Mahayana sutras are not easy reading and although the Vimalakirti sutra is shorter than many, it is still thick with fantastical Mahayana language and imagery woven into the story line. Roshi Joan's book brings much of this down to earth and squarely into daily life showing how these esoteric teachings can be applied by each of us in today's world. Everyone in the class adored the book and was so glad to have Roshi Joan's insightful and profound reflections help them contextualize, understand, and apply the teachings. There are no references, no bibliography, and only a few footnotes so this is not an academic book but rather a collection of her teachings on the sutra.
Sutherland's book roughly follows the sutra's chapters and story line, but it is very fluid and free-flowing, riffing on various themes from each of the sutra chapters. Each chapter of Joan's book is chalk-full of nuggets of wisdom drawn from the story, from Vimalakirti's illness of a bodhisattva, the meaning of "the pure land", Vimalakirti's small compassion and great compassion, and the teachings of another major character in the story, the Goddess, whose playful teaching addresses the transcendence of gender, and a profound teaching on the meaning of silence. Throughout the sutra and Joan's book, there are teachings on nonduality, a central theme of Mahayana teaching. She also brings her extensive knowledge of the Zen koan tradition to bear on the sutra's teachings.

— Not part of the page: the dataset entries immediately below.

(* Let $n\ge1$ and let $A$ be a $2n\times 2n$ real symmetric positive definite matrix, written in block form $A=\begin{pmatrix} A_{11} & A_{12}\\ A_{12}^T & A_{22}\end{pmatrix}$ with $n\times n$ blocks. Let $\Delta_{11},\Delta_{12},\Delta_{22}\in\mathbb{R}^n$ be the vectors of diagonal entries of $A_{11},A_{12},A_{22}$ respectively, and define (all operations entrywise) $$\Delta_{\mathrm{w}}(A)\coloneqq\sqrt{\frac{\Delta_{11}^2+\Delta_{22}^2}{2}},\qquad \Delta_{\mathrm{h}}(A)\coloneqq\sqrt{\frac{\Delta_{11}^2+\Delta_{22}^2+2\Delta_{12}^2}{2}}.$$ Then the following are equivalent: (i) $\Delta_{\mathrm{w}}(A)\prec d_{\mathrm{s}}(A)$; (ii) $\Delta_{\mathrm{h}}(A)\prec d_{\mathrm{s}}(A)$; (iii) $A$ is orthosymplectically diagonalizable in the sense of Williamson's theorem.
   Context: Let $J_{2n}=\begin{pmatrix}0 & I_n\\ -I_n & 0\end{pmatrix}$. A $2n\times 2n$ real matrix $S$ is symplectic if $S^TJ_{2n}S=J_{2n}$; $S$ is orthosymplectic if it is symplectic and orthogonal ($S^TS=I_{2n}$). Williamson's theorem: for every $2n\times 2n$ real symmetric positive definite matrix $B$ there is a symplectic $S$ with $S^TBS=\begin{pmatrix} D&0\\0&D\end{pmatrix}$, where $D$ is an $n\times n$ diagonal matrix with positive diagonal entries; these diagonal entries, which are uniquely determined up to order, are the symplectic eigenvalues of $B$, and $d_{\mathrm{s}}(B)\in\mathbb{R}^n$ denotes the vector of symplectic eigenvalues $d_1(B)\le\cdots\le d_n(B)$. $B$ is called orthosymplectically diagonalizable in the sense of Williamson's theorem if such an $S$ can be chosen orthosymplectic. For $x\in\mathbb{R}^n$ write $x^\uparrow_1\le\cdots\le x^\uparrow_n$ for its entries in increasing order. For $x,y\in\mathbb{R}^n$, $x$ is majorized by $y$, written $x\prec y$, if $\sum_{i=1}^k x^\uparrow_i\ge\sum_{i=1}^k y^\uparrow_i$ for $k=1,\dots,n$, with equality for $k=n$. *)

theory Defs
  imports "HOL-Analysis.Analysis" "HOL-Library.Multiset"
begin

text \<open>A 2n x 2n real matrix is indexed by the type 'n + 'n, where Inl i is the
  i-th index of the first block and Inr i the i-th index of the second block;
  n = CARD('n) \<ge> 1.\<close>

type_synonym 'n dmat = "real ^ ('n + 'n) ^ ('n + 'n)"

definition J_mat :: "'n::finite dmat" where
  "J_mat = (\<chi> p q. case (p, q) of
              (Inl i, Inr j) \<Rightarrow> (if i = j then 1 else 0)
            | (Inr i, Inl j) \<Rightarrow> (if i = j then -1 else 0)
            | _ \<Rightarrow> 0)"

definition symplectic :: "'n::finite dmat \<Rightarrow> bool" where
  "symplectic S \<longleftrightarrow> transpose S ** J_mat ** S = J_mat"

definition orthosymplectic :: "'n::finite dmat \<Rightarrow> bool" where
  "orthosymplectic S \<longleftrightarrow> symplectic S \<and> orthogonal_matrix S"

definition blockdiag :: "real ^ 'n \<Rightarrow> 'n::finite dmat" where
  "blockdiag d = (\<chi> p q. case (p, q) of
              (Inl i, Inl j) \<Rightarrow> (if i = j then d $ i else 0)
            | (Inr i, Inr j) \<Rightarrow> (if i = j then d $ i else 0)
            | _ \<Rightarrow> 0)"

definition sym_posdef :: "'n::finite dmat \<Rightarrow> bool" where
  "sym_posdef A \<longleftrightarrow> transpose A = A \<and> (\<forall>x. x \<noteq> 0 \<longrightarrow> x \<bullet> (A *v x) > 0)"

definition incr :: "real ^ 'n::finite \<Rightarrow> real list" where
  "incr x = sorted_list_of_multiset (image_mset (\<lambda>i. x $ i) (mset_set UNIV))"

definition williamson :: "'n::finite dmat \<Rightarrow> 'n dmat \<Rightarrow> real ^ 'n \<Rightarrow> bool" where
  "williamson B S d \<longleftrightarrow> symplectic S \<and> (\<forall>i. d $ i > 0) \<and>
     transpose S ** B ** S = blockdiag d"

text \<open>d_s(B): the symplectic eigenvalues in increasing order (uniquely determined).\<close>
definition symp_eigs :: "'n::finite dmat \<Rightarrow> real list" where
  "symp_eigs B = (THE l. \<exists>S d. williamson B S d \<and> l = incr d)"

definition orthosymp_diagonalizable :: "'n::finite dmat \<Rightarrow> bool" where
  "orthosymp_diagonalizable B \<longleftrightarrow> (\<exists>S d. williamson B S d \<and> orthosymplectic S)"

definition majorized :: "real list \<Rightarrow> real list \<Rightarrow> bool" where
  "majorized xs ys \<longleftrightarrow> length xs = length ys \<and>
     (\<forall>k \<le> length xs. sum_list (take k (sort xs)) \<ge> sum_list (take k (sort ys))) \<and>
     sum_list xs = sum_list ys"

definition Delta11 :: "'n::finite dmat \<Rightarrow> real ^ 'n" where
  "Delta11 A = (\<chi> i. A $ Inl i $ Inl i)"
definition Delta12 :: "'n::finite dmat \<Rightarrow> real ^ 'n" where
  "Delta12 A = (\<chi> i. A $ Inl i $ Inr i)"
definition Delta22 :: "'n::finite dmat \<Rightarrow> real ^ 'n" where
  "Delta22 A = (\<chi> i. A $ Inr i $ Inr i)"

definition Delta_w :: "'n::finite dmat \<Rightarrow> real ^ 'n" where
  "Delta_w A = (\<chi> i. sqrt (((Delta11 A $ i)\<^sup>2 + (Delta22 A $ i)\<^sup>2) / 2))"
definition Delta_h :: "'n::finite dmat \<Rightarrow> real ^ 'n" where
  "Delta_h A = (\<chi> i. sqrt (((Delta11 A $ i)\<^sup>2 + (Delta22 A $ i)\<^sup>2
                              + 2 * (Delta12 A $ i)\<^sup>2) / 2))"

end

theory Submission
  imports Defs
begin

text \<open>Williamson's theorem is proved by a symplectic Gram--Schmidt process for the inner product
  \<open>\<langle>x, y\<rangle>\<^sub>A = x \<bullet> A y\<close>: the operator \<open>K = A\<^sup>-\<^sup>1 J\<close> is \<open>A\<close>-skew-adjoint, a maximizer of
  \<open>|Kx|\<^sub>A / |x|\<^sub>A\<close> spans with \<open>Kx\<close> a normalized symplectic pair, and one recurses on its
  \<open>A\<close>-orthogonal complement. The symplectic eigenvalues are unique because their squares are the
  eigenvalues of \<open>- (J A)\<^sup>2\<close>.

  For \<open>S\<^sup>T A S = diag(D, D)\<close> and \<open>X = S\<^sup>-\<^sup>1\<close> with rows \<open>a\<^sub>j, b\<^sub>j\<close>, one gets
  \<open>tr A = 2 \<Sigma> d\<^sub>j + \<Sigma> d\<^sub>j |a\<^sub>j - J b\<^sub>j|\<^sup>2\<close>, so \<open>tr A \<ge> 2 \<Sigma> d\<^sub>j\<close> with equality iff \<open>S\<close> is
  orthogonal. Both \<open>\<Delta>\<^sub>w \<prec> d\<close> and \<open>\<Delta>\<^sub>h \<prec> d\<close> force \<open>\<Sigma> \<Delta>\<^sub>w \<le> \<Sigma> d\<close>, while
  \<open>\<Sigma> \<Delta>\<^sub>w \<ge> tr A / 2\<close> by the quadratic-mean inequality; hence equality and orthosymplecticity.
  Conversely, for orthosymplectic \<open>S\<close> the diagonal of \<open>A = S diag(D, D) S\<^sup>T\<close> is
  \<open>\<Delta>\<^sub>1\<^sub>1 = \<Delta>\<^sub>2\<^sub>2 = W d\<close> with \<open>W\<close> doubly stochastic and \<open>\<Delta>\<^sub>1\<^sub>2 = 0\<close>, so
  \<open>\<Delta>\<^sub>w = \<Delta>\<^sub>h = W d \<prec> d\<close>.\<close>

section \<open>The standard symplectic form\<close>

lemma sum_UNIV_Plus:
  fixes f :: "'a::finite + 'b::finite \<Rightarrow> 'c::comm_monoid_add"
  shows "sum f UNIV = (\<Sum>i\<in>UNIV. f (Inl i)) + (\<Sum>i\<in>UNIV. f (Inr i))"
  using sum.Plus[of "UNIV :: 'a set" "UNIV :: 'b set" f] by (simp add: comp_def)

lemma sum_if_eq_times [simp]:
  fixes f :: "'a::finite \<Rightarrow> real"
  shows "(\<Sum>j\<in>UNIV. (if i = j then c else 0) * f j) = c * f i"
    "(\<Sum>j\<in>UNIV. (if j = i then c else 0) * f j) = c * f i"
    "(\<Sum>j\<in>UNIV. f j * (if j = i then c else 0)) = f i * c"
  by (simp_all add: if_distrib[of "\<lambda>x. x * _"] if_distrib[of "\<lambda>x. _ * x"] cong: if_cong)

lemma vec_Plus_eq_iff:
  "(x::'a^('n::finite + 'n)) = y \<longleftrightarrow> (\<forall>i. x $ Inl i = y $ Inl i) \<and> (\<forall>i. x $ Inr i = y $ Inr i)"
  by (metis sum.exhaust vec_eq_iff)

lemma inner_Plus:
  "(x::real^('n::finite + 'n)) \<bullet> y = (\<Sum>i\<in>UNIV. x $ Inl i * y $ Inl i) + (\<Sum>i\<in>UNIV. x $ Inr i * y $ Inr i)"
  by (simp add: inner_vec_def sum_UNIV_Plus)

Of interest to Zen students: Vimalakirti, although an Indian, can be considered a proto-Zen Master (apart from the Buddha himself) in that he specializes in a type of subtle discourse that lucidly balances on the razor's edge of paradox yet is also highly logically coherent. Also, his message is particularly appealing to our secular age because he was a man of the world, not a monk or a saint. Vimalakirti helps clear up the confusions surrounding the central Buddhist concept of emptiness, presenting it not as nihilism but rather, in the translator's words, "as the joyous and compassionate commitment to living beings born from an unwavering confrontation with the inconceivable profundity of ultimate reality."
I highly recommend Roshi Joan Sutherland's book but only if you also read the Vimalakirti sutra in concert with it. If you're looking for more background on the sutra, I can also recommend Sangharakshita's (Inconceivable Emancipation: Themes from the Vimalakirti-Nirdesa) which brings its own important background understanding to the sutra.
Roshi Joan asks that if you want to purchase her book that you do so through her website since her organization will get the bulk of the proceeds: https://joansutherlanddharmaworks.org....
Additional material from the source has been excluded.